┌──
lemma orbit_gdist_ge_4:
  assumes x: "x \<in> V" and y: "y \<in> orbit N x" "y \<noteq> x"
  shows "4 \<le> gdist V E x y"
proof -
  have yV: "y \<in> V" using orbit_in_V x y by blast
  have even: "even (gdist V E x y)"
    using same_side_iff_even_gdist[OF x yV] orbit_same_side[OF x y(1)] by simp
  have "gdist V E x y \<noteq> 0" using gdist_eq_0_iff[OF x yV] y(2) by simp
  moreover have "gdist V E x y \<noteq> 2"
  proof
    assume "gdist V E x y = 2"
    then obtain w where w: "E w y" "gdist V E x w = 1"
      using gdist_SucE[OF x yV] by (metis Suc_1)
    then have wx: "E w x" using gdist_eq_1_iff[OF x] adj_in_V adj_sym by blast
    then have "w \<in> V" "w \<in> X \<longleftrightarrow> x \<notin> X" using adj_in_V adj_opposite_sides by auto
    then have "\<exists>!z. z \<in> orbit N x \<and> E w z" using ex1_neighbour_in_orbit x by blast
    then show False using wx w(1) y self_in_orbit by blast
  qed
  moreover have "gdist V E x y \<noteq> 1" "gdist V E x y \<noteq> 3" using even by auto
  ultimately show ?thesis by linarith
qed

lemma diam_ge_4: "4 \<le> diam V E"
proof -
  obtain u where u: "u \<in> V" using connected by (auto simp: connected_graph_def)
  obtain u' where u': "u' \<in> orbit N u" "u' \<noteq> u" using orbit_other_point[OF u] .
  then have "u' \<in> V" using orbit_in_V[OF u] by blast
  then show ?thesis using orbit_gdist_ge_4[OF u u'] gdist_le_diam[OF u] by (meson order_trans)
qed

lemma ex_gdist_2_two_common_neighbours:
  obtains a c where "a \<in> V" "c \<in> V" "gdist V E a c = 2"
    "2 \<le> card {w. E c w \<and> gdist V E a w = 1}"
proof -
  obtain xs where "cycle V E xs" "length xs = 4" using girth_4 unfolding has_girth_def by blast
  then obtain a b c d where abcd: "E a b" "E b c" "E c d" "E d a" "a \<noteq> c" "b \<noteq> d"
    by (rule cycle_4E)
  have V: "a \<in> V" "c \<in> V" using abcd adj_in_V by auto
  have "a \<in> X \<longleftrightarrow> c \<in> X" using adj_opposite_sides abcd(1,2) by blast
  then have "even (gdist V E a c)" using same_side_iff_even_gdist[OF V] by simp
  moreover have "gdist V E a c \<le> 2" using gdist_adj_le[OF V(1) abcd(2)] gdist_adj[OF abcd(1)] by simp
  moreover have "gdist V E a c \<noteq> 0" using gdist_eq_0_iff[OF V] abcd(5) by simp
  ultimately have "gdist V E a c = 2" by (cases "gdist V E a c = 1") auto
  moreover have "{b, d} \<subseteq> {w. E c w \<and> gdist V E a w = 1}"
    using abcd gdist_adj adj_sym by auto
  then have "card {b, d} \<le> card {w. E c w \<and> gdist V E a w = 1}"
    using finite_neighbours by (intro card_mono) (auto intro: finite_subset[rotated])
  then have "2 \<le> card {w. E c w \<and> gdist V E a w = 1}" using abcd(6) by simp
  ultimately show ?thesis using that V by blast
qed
└──
Please output the exact lines of the records above, beginning with the first and stopping after the line that holds "ex1_neighbour_in_orbit x by blast", and nothing else.

## Answer below
lemma orbit_gdist_ge_4:
  assumes x: "x \<in> V" and y: "y \<in> orbit N x" "y \<noteq> x"
  shows "4 \<le> gdist V E x y"
proof -
  have yV: "y \<in> V" using orbit_in_V x y by blast
  have even: "even (gdist V E x y)"
    using same_side_iff_even_gdist[OF x yV] orbit_same_side[OF x y(1)] by simp
  have "gdist V E x y \<noteq> 0" using gdist_eq_0_iff[OF x yV] y(2) by simp
  moreover have "gdist V E x y \<noteq> 2"
  proof
    assume "gdist V E x y = 2"
    then obtain w where w: "E w y" "gdist V E x w = 1"
      using gdist_SucE[OF x yV] by (metis Suc_1)
    then have wx: "E w x" using gdist_eq_1_iff[OF x] adj_in_V adj_sym by blast
    then have "w \<in> V" "w \<in> X \<longleftrightarrow> x \<notin> X" using adj_in_V adj_opposite_sides by auto
    then have "\<exists>!z. z \<in> orbit N x \<and> E w z" using ex1_neighbour_in_orbit x by blast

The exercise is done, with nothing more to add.